Task 2.4: Quantify the relationship between flood inundation risks and income levels in the present climate. The modeling tools that are developed in Task 2.2 will be used to assess the current status of flood risks within the target regions, and the GIS tools developed in Task 2.1 will provide a mechanism to assess green infrastructure. The combination of the two will be used to analyze the current status of green spaces and how they relate to potential flood risks.
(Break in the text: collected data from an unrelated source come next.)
(* Let $n\geq 4$ and $m=\lfloor (n-2)/2\rfloor$. Then \[R_n(z)=(1+z)^m\sum_{q} z^{\mathrm{run}(q)},\] where the sum is over all permutations $q$ of length $n$ that are minimal in their orbit under the action of $G_m$. In particular, $R_n(z)$ is divisible by $(1+z)^m$.
   Context: For a permutation $p=p_1p_2\cdots p_n$ and an index $i\in[2,n-1]$, $p$ changes direction at $i$ if $p_{i-1}<p_i>p_{i+1}$ or $p_{i-1}>p_i<p_{i+1}$; $\mathrm{run}(p)=k$ means $p$ changes direction exactly $k-1$ times (the number of alternating runs). $R_n(z)=\sum_p z^{\mathrm{run}(p)}$, summed over all permutations $p$ of length $n$. For a string $s$ of distinct integers with underlying set $S$, its complement relative to $S$ is obtained by replacing, for each $j$, the $j$th smallest element of $S$ by the $j$th largest element of $S$. For $1\leq i\leq n$, $c_i$ is the map on permutations of length $n$ that leaves $p_1\cdots p_{i-1}$ unchanged and replaces $p_ip_{i+1}\cdots p_n$ by its complement relative to $\{p_i,\dots,p_n\}$. If $n$ is even, $\mathcal C_n=\{c_3,c_5,\dots,c_{n-1}\}$; if $n$ is odd, $\mathcal C_n=\{c_3,c_5,\dots,c_{n-2}\}$; $G_m\cong(\mathbb Z_2)^m$ is the group generated by $\mathcal C_n$ (these are pairwise commuting involutions), acting on permutations of length $n$. A permutation $q$ is minimal in its orbit if it has the smallest number of alternating runs among all permutations in its $G_m$-orbit (there is exactly one such permutation in each orbit). *)

theory Defs
  imports "HOL-Combinatorics.Multiset_Permutations" "HOL-Computational_Algebra.Polynomial"
begin

text \<open>Positions are 0-based in lists: the paper's
  index i (1-based, 2 <= i <= n-1) corresponds to list position i-1.\<close>

definition changes_dir :: "nat list \<Rightarrow> nat \<Rightarrow> bool" where
  "changes_dir p i \<longleftrightarrow>
     (p ! (i - 1) < p ! i \<and> p ! i > p ! (i + 1)) \<or>
     (p ! (i - 1) > p ! i \<and> p ! i < p ! (i + 1))"

definition run :: "nat list \<Rightarrow> nat" where
  "run p = Suc (card {i. 1 \<le> i \<and> i + 1 < length p \<and> changes_dir p i})"

definition R :: "nat \<Rightarrow> int poly" where
  "R n = (\<Sum>p\<in>permutations_of_set {1..n}. monom 1 (run p))"

text \<open>Complement of a string of distinct integers relative to its underlying set:
  the j-th smallest element (rank = number of smaller elements) is replaced by
  the j-th largest element of the sorted list.\<close>
definition complement :: "nat list \<Rightarrow> nat list" where
  "complement s = (let ss = sort s in
     map (\<lambda>x. ss ! (length s - 1 - card {y\<in>set s. y < x})) s)"

definition c :: "nat \<Rightarrow> nat list \<Rightarrow> nat list" where
  "c i p = take (i - 1) p @ complement (drop (i - 1) p)"

definition Cidx :: "nat \<Rightarrow> nat set" where
  "Cidx n = {i. odd i \<and> 3 \<le> i \<and> i \<le> (if even n then n - 1 else n - 2)}"
text \<open>Both frequencies small and \<open>\<bar>x\<bar> \<approx> \<bar>\<xi>\<bar>\<close>: the phase has \<open>x\<^sub>1\<close>-derivative of size \<open>\<bar>\<xi>\<bar>\<^sup>2\<close>.\<close>
lemma resonant_fiber_low_low:
  assumes "0 < N" "N\<^sup>2 \<le> 2 * (fst \<xi>)\<^sup>2"
  shows "(\<integral>\<^sup>+ x1. indicator (cball 0 (N/8) \<times> cball 0 (N/8) \<inter> resonant_set \<xi> \<alpha> M) ((x1, y1), \<xi>2) \<partial>lborel)
    \<le> ennreal (28 * M / N\<^sup>2)"
proof -
  obtain x2 y2 where \<xi>2: "\<xi>2 = (x2, y2)" by fastforce
  define x where "x = fst \<xi>"
  define g where "g t = (x - t) * (x - x2) * (t + x2) + (snd \<xi> - y1) * (snd \<xi> - y2) * (y1 + y2) - \<alpha>" for t
  let ?S = "cball 0 (N/8) \<times> cball 0 (N/8) \<inter> resonant_set \<xi> \<alpha> M"
  show ?thesis
  proof (cases "\<bar>x2\<bar> \<le> N/8")
    case True
    have x: "7/10 * N \<le> \<bar>x\<bar>"
      using abs_ge_of_power2_le assms by (simp add: x_def)
    have steep: "N\<^sup>2 / 7 * \<bar>t - u\<bar> \<le> \<bar>g t - g u\<bar>"
      if "t \<in> {t. \<bar>t\<bar> \<le> N/8}" "u \<in> {t. \<bar>t\<bar> \<le> N/8}" for t u
      using cubic_phase_difference_ge[of N x x2 t u] that x True \<open>0 < N\<close> by (simp add: g_def)
    have "indicator ?S ((x1, y1), \<xi>2) \<le> (indicator {t \<in> {t. \<bar>t\<bar> \<le> N/8}. \<bar>g t\<bar> < M} x1 :: ennreal)" for x1
      using abs_le_norm_Pair1[of x1 y1]
      by (auto simp: \<xi>2 indicator_def resonant_set_def Phi_eq g_def x_def)
    then have "(\<integral>\<^sup>+ x1. indicator ?S ((x1, y1), \<xi>2) \<partial>lborel)
        \<le> (\<integral>\<^sup>+ t. indicator {t \<in> {t. \<bar>t\<bar> \<le> N/8}. \<bar>g t\<bar> < M} t \<partial>lborel)"
      by (intro nn_integral_mono)
    also have "\<dots> \<le> ennreal (4 * M / (N\<^sup>2 / 7))"
      by (rule sublevel_measure_le_of_steep[OF steep]) (use \<open>0 < N\<close> in auto)
    finally show ?thesis
      using \<open>0 < N\<close> by simp
  next
    case False
    then have "\<xi>2 \<notin> cball 0 (N/8)"
      using abs_le_norm_Pair1[of x2 y2] by (auto simp: \<xi>2)
    then show ?thesis
      by (simp add: indicator_def)
  qed
qed
definition acyclic_cq :: "nat \<Rightarrow> (nat \<Rightarrow> 'a set) \<Rightarrow> bool" where
  "acyclic_cq m A \<longleftrightarrow>
     (\<exists>T. is_tree {..<m} T \<and>
        (\<forall>x \<in> (\<Union>i<m. A i). connected_in T {i. i < m \<and> x \<in> A i}))"

definition free_connex :: "nat \<Rightarrow> (nat \<Rightarrow> 'a set) \<Rightarrow> 'a set \<Rightarrow> bool" where
  "free_connex m A H \<longleftrightarrow>
     acyclic_cq m A \<and> acyclic_cq (Suc m) (A(m := H))"

definition exvert :: "nat \<Rightarrow> (nat \<Rightarrow> 'a set) \<Rightarrow> 'a set \<Rightarrow> nat set" where
  "exvert m A H = {i. i < m \<and> A i - H \<noteq> {}}"

definition exadj :: "(nat \<Rightarrow> 'a set) \<Rightarrow> 'a set \<Rightarrow> nat \<Rightarrow> nat \<Rightarrow> bool" where
  "exadj A H i j \<longleftrightarrow> i \<noteq> j \<and> (A i \<inter> A j) - H \<noteq> {}"

definition is_component :: "'v set \<Rightarrow> ('v \<Rightarrow> 'v \<Rightarrow> bool) \<Rightarrow> 'v set \<Rightarrow> bool" where
  "is_component V adj E \<longleftrightarrow>
     E \<noteq> {} \<and> E \<subseteq> V \<and> connected_in adj E \<and>
     (\<forall>u v. u \<in> E \<and> v \<in> V \<and> adj u v \<longrightarrow> v \<in> E)"

definition dominant :: "(nat \<Rightarrow> 'a set) \<Rightarrow> 'a set \<Rightarrow> nat \<Rightarrow> nat set \<Rightarrow> bool" where
  "dominant A H k E \<longleftrightarrow> (\<Union>j\<in>E. H \<inter> A j) \<subseteq> H \<inter> A k"

definition head_domination :: "nat \<Rightarrow> (nat \<Rightarrow> 'a set) \<Rightarrow> 'a set \<Rightarrow> bool" where
  "head_domination m A H \<longleftrightarrow>
     (\<forall>E. is_component (exvert m A H) (exadj A H) E \<longrightarrow> (\<exists>k<m. dominant A H k E))"

end

(* Take a join tree T of Q extended by the head relation R_H (vertex m). A component E of
   G^exists_Q is connected in T: two relations of E sharing an existential attribute x are
   joined in T through the relations containing x, and all of these lie in E. Let k be the
   vertex where a tree walk from R_H first enters E; every walk from E to R_H then passes
   through k. If a relation of E contains a head attribute h, the relations containing h form
   a connected subtree that also contains R_H, so it contains k; hence R_k is dominant for E. *)

theory Submission
  imports Defs "HOL-Library.Transitive_Closure_Table"
begin

definition induced :: "('v \<Rightarrow> 'v \<Rightarrow> bool) \<Rightarrow> 'v set \<Rightarrow> 'v \<Rightarrow> 'v \<Rightarrow> bool" where
  "induced adj S u v \<longleftrightarrow> u \<in> S \<and> v \<in> S \<and> adj u v"

lemma connected_in_iff_induced:
  "connected_in adj S \<longleftrightarrow> (\<forall>x\<in>S. \<forall>y\<in>S. (induced adj S)\<^sup>*\<^sup>* x y)"
  unfolding connected_in_def induced_def by simp

lemma induced_rtranclp_mono:
  assumes "(induced adj S)\<^sup>*\<^sup>* x y" and "S \<subseteq> S'"
  shows "(induced adj S')\<^sup>*\<^sup>* x y"
  using assms(1)
  by (rule mono_rtranclp[rule_format, rotated]) (use assms(2) in \<open>auto simp: induced_def\<close>)

lemma connected_in_imp_induced_rtranclp:
  assumes "connected_in adj S" and "S \<subseteq> S'" and "x \<in> S" and "y \<in> S"
  shows "(induced adj S')\<^sup>*\<^sup>* x y"
proof -
  have "(induced adj S)\<^sup>*\<^sup>* x y"
    using assms(1,3,4) unfolding connected_in_iff_induced by blast
  then show ?thesis
    using assms(2) by (rule induced_rtranclp_mono)
qed

lemma connected_in_if_adjacent_joined:
  assumes "connected_in adj S"
    and "\<And>u v. u \<in> S \<Longrightarrow> v \<in> S \<Longrightarrow> adj u v \<Longrightarrow> (induced adj' S)\<^sup>*\<^sup>* u v"
  shows "connected_in adj' S"
  unfolding connected_in_iff_induced
proof (intro ballI)
  fix x y assume "x \<in> S" "y \<in> S"
  with assms(1) have "(induced adj S)\<^sup>*\<^sup>* x y"
    unfolding connected_in_iff_induced by blast
  then show "(induced adj' S)\<^sup>*\<^sup>* x y"
  proof (induction rule: rtranclp_induct)
    case (step y z)
    then have "(induced adj' S)\<^sup>*\<^sup>* y z"
      using assms(2) by (simp add: induced_def)
    with step.IH show ?case by (rule rtranclp_trans)
  qed simp
qed

lemma rtranclp_first_entry:
  assumes "r\<^sup>*\<^sup>* x y" and "x \<notin> E" and "y \<in> E"
  obtains u k where "(induced r (- E))\<^sup>*\<^sup>* x u" and "r u k" and "u \<notin> E" and "k \<in> E"
  using assms
proof (induction arbitrary: thesis rule: converse_rtranclp_induct)
  case base
  then show ?case by simp
next
  case (step x z)
  show ?case
  proof (cases "z \<in> E")
    case True
    with step.prems(1,2) step.hyps(1) show ?thesis by blast
  next
    case False
    then obtain u k where "(induced r (- E))\<^sup>*\<^sup>* z u" "r u k" "u \<notin> E" "k \<in> E"
      using step.IH step.prems(3) by blast
    moreover have "induced r (- E) x z"
      using False step.hyps(1) step.prems(2) by (simp add: induced_def)
    ultimately show ?thesis
      using step.prems(1) converse_rtranclp_into_rtranclp by metis
  qed
qed

lemma tree_edge_is_bridge:
  assumes tree: "is_tree V T" and "T k u"
  shows "\<not> (\<lambda>a b. T a b \<and> {a, b} \<noteq> {k, u})\<^sup>*\<^sup>* k u"
proof
  let ?T' = "\<lambda>a b. T a b \<and> {a, b} \<noteq> {k, u}"
  have T_edge: "a \<in> V \<and> b \<in> V \<and> a \<noteq> b \<and> T b a" if "T a b" for a b
    using tree that unfolding is_tree_def by blast
  assume "?T'\<^sup>*\<^sup>* k u"
  then obtain xs0 where "rtrancl_path ?T' k xs0 u"
    unfolding rtranclp_eq_rtrancl_path by blast
  then obtain xs where path: "rtrancl_path ?T' k xs u" and distinct: "distinct (k # xs)"
    by (rule rtrancl_path_distinct)
  have "xs \<noteq> []"
    using path T_edge[OF \<open>T k u\<close>] by (auto elim: rtrancl_path.cases)
  have last: "last (k # xs) = u"
    using rtrancl_path_last[OF path \<open>xs \<noteq> []\<close>] \<open>xs \<noteq> []\<close> by simp
  have "xs \<noteq> [u]"
    using path by (auto elim!: rtrancl_path.cases)
  then have "length (k # xs) \<ge> 3"
    using \<open>xs \<noteq> []\<close> last by (cases xs rule: rev_cases) (auto simp: Suc_le_eq)
  moreover have "set (k # xs) \<subseteq> V"
  proof
    fix z assume "z \<in> set (k # xs)"
    then consider "z = k" | a where "?T' a z"
      using rtrancl_path_Range[OF path] by fastforce
    then show "z \<in> V"
      by cases (use T_edge[OF \<open>T k u\<close>] T_edge in auto)
  qed
  moreover have "T ((k # xs) ! i) ((k # xs) ! Suc i)" if "Suc i < length (k # xs)" for i
    using rtrancl_path_nth[OF path, of i] that by simp
  moreover have "T (last (k # xs)) (hd (k # xs))"
    using last T_edge[OF \<open>T k u\<close>] by simp
  ultimately have "has_cycle T V"
    unfolding has_cycle_def using distinct by blast
  then show False
    using tree unfolding is_tree_def by blast
qed

lemma tree_connected_set_gateway:
  assumes tree: "is_tree V T" and conn: "connected_in T E"
    and "E \<noteq> {}" and "E \<subseteq> V" and "r \<in> V" and "r \<notin> E"
  obtains k where "k \<in> E" and "\<And>j. j \<in> E \<Longrightarrow> \<not> (induced T (- {k}))\<^sup>*\<^sup>* j r"
proof -
  obtain e where "e \<in> E"
    using \<open>E \<noteq> {}\<close> by blast
  have "connected_in T V"
    using tree unfolding is_tree_def by blast
  then have "(induced T V)\<^sup>*\<^sup>* r e"
    using \<open>r \<in> V\<close> \<open>e \<in> E\<close> \<open>E \<subseteq> V\<close> unfolding connected_in_iff_induced by blast
  then have "T\<^sup>*\<^sup>* r e"
    by (rule mono_rtranclp[rule_format, rotated]) (simp add: induced_def)
  then obtain u k where r_u: "(induced T (- E))\<^sup>*\<^sup>* r u" and "T u k" and "u \<notin> E" and "k \<in> E"
    using \<open>r \<notin> E\<close> \<open>e \<in> E\<close> by (rule rtranclp_first_entry)
  have "T k u"
    using tree \<open>T u k\<close> unfolding is_tree_def by blast
  let ?T' = "\<lambda>a b. T a b \<and> {a, b} \<noteq> {k, u}"
  have avoiding_edge: "?T'\<^sup>*\<^sup>* a b" if "(induced T S)\<^sup>*\<^sup>* a b" and "k \<notin> S \<or> u \<notin> S" for S a b
    using that(1)
  proof (rule mono_rtranclp[rule_format, rotated])
    fix c d assume "induced T S c d"
    with that(2) show "?T' c d"
      unfolding induced_def doubleton_eq_iff by blast
  qed
  (* A walk from E to r avoiding k closes, via k ~> j in E and r ~> u outside E,
     a walk from k to u that does not use the edge between them. *)
  show thesis
  proof (rule that[OF \<open>k \<in> E\<close> notI])
    fix j assume "j \<in> E" and j_r: "(induced T (- {k}))\<^sup>*\<^sup>* j r"
    have "(induced T E)\<^sup>*\<^sup>* k j"
      using conn \<open>k \<in> E\<close> \<open>j \<in> E\<close> unfolding connected_in_iff_induced by blast
    then have "?T'\<^sup>*\<^sup>* k j"
      by (rule avoiding_edge) (use \<open>u \<notin> E\<close> in simp)
    moreover have "?T'\<^sup>*\<^sup>* j r"
      using j_r by (rule avoiding_edge) simp
    moreover have "?T'\<^sup>*\<^sup>* r u"
      using r_u by (rule avoiding_edge) (use \<open>k \<in> E\<close> in simp)
    ultimately have "?T'\<^sup>*\<^sup>* k u"
      by (meson rtranclp_trans)
    with tree_edge_is_bridge[OF tree \<open>T k u\<close>] show False ..
  qed
qed

lemma acyclic_cq_join_tree:
  assumes "acyclic_cq n A"
  obtains T where "is_tree {..<n} T" and "\<And>x. connected_in T {i. i < n \<and> x \<in> A i}"
proof -
  obtain T where tree: "is_tree {..<n} T"
    and occ: "\<forall>x \<in> (\<Union>i<n. A i). connected_in T {i. i < n \<and> x \<in> A i}"
    using assms unfolding acyclic_cq_def by blast
  have "connected_in T {i. i < n \<and> x \<in> A i}" for x
  proof (cases "x \<in> (\<Union>i<n. A i)")
    case False
    then have "{i. i < n \<and> x \<in> A i} = {}"
      by blast
    then show ?thesis
      unfolding connected_in_def by (simp only:) simp
  qed (use occ in blast)
  with tree show thesis
    by (rule that)
qed

lemma component_contains_existential_occurrences:
  assumes comp: "is_component (exvert m A H) (exadj A H) E"
    and "j \<in> E" and "x \<in> A j" and "x \<notin> H"
  shows "{i. i < m \<and> x \<in> A i} \<subseteq> E"
proof
  fix i assume i: "i \<in> {i. i < m \<and> x \<in> A i}"
  then have "i \<in> exvert m A H"
    using \<open>x \<notin> H\<close> unfolding exvert_def by blast
  show "i \<in> E"
  proof (cases "i = j")
    case False
    then have "exadj A H j i"
      using i \<open>x \<in> A j\<close> \<open>x \<notin> H\<close> unfolding exadj_def by blast
    with comp \<open>j \<in> E\<close> \<open>i \<in> exvert m A H\<close> show ?thesis
      unfolding is_component_def by blast
  qed (use \<open>j \<in> E\<close> in simp)
qed

lemma component_connected_in_join_tree:
  assumes comp: "is_component (exvert m A H) (exadj A H) E"
    and occ: "\<And>x. x \<notin> H \<Longrightarrow> connected_in T {i. i < m \<and> x \<in> A i}"
  shows "connected_in T E"
proof (rule connected_in_if_adjacent_joined)
  show "connected_in (exadj A H) E"
    using comp unfolding is_component_def by blast
next
  fix u v assume "u \<in> E" "v \<in> E" "exadj A H u v"
  then obtain x where "x \<in> A u" "x \<in> A v" "x \<notin> H"
    unfolding exadj_def by blast
  moreover have "u < m" "v < m"
    using comp \<open>u \<in> E\<close> \<open>v \<in> E\<close> unfolding is_component_def exvert_def by auto
  ultimately show "(induced T E)\<^sup>*\<^sup>* u v"
    using connected_in_imp_induced_rtranclp[OF occ component_contains_existential_occurrences[OF comp \<open>u \<in> E\<close>]]
    by blast
qed

lemma occurrences_fun_upd_head:
  assumes "x \<notin> H"
  shows "{i. i < Suc m \<and> x \<in> (A(m := H)) i} = {i. i < m \<and> x \<in> A i}"
  using assms by (auto simp add: less_Suc_eq)

lemma gateway_is_dominant:
  assumes occ: "\<And>x. connected_in T {i. i < Suc m \<and> x \<in> (A(m := H)) i}"
    and "k < m" and "E \<subseteq> {..<m}"
    and gateway: "\<And>j. j \<in> E \<Longrightarrow> \<not> (induced T (- {k}))\<^sup>*\<^sup>* j m"
  shows "dominant A H k E"
  unfolding dominant_def
proof (intro subsetI, elim UN_E IntE)
  fix h j assume "j \<in> E" "h \<in> H" "h \<in> A j"
  let ?S = "{i. i < Suc m \<and> h \<in> (A(m := H)) i}"
  have "j \<in> ?S" "m \<in> ?S"
    using \<open>j \<in> E\<close> \<open>h \<in> H\<close> \<open>h \<in> A j\<close> \<open>E \<subseteq> {..<m}\<close> by auto
  have "k \<in> ?S"
  proof (rule ccontr)
    assume "k \<notin> ?S"
    then have "?S \<subseteq> - {k}"
      by blast
    then have "(induced T (- {k}))\<^sup>*\<^sup>* j m"
      using connected_in_imp_induced_rtranclp[OF occ] \<open>j \<in> ?S\<close> \<open>m \<in> ?S\<close> by blast
    with gateway \<open>j \<in> E\<close> show False by blast
  qed
  with \<open>k < m\<close> \<open>h \<in> H\<close> show "h \<in> H \<inter> A k"
    by simp
qed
As part of this task, we will present a new tool that utilizes remote sensing and census data to model the supply for urban flood reduction services through green infrastructure. A high-resolution urban digital model will be used to distinguish between permeable and impermeable areas at fine (e.g., 25-cm) spatial scale. We will model flood reduction capacity using two indices: (1) the amount of runoff reduced by existing green infrastructure, and (2) the runoff reduction coefficient. The tool will be demonstrated with different scenarios to show the distribution of flood reduction capacity in terms of ownership and landscape patterns and thus identify priority areas of intervention, based on the mismatch between supply and demand of green infrastructure for water regulating services. We will coordinate this task with MWRD and the stakeholders from the CSC to provide improved understanding of the present levels of flood inundation inequities around the city to raise awareness and improve infrastructure adaptation.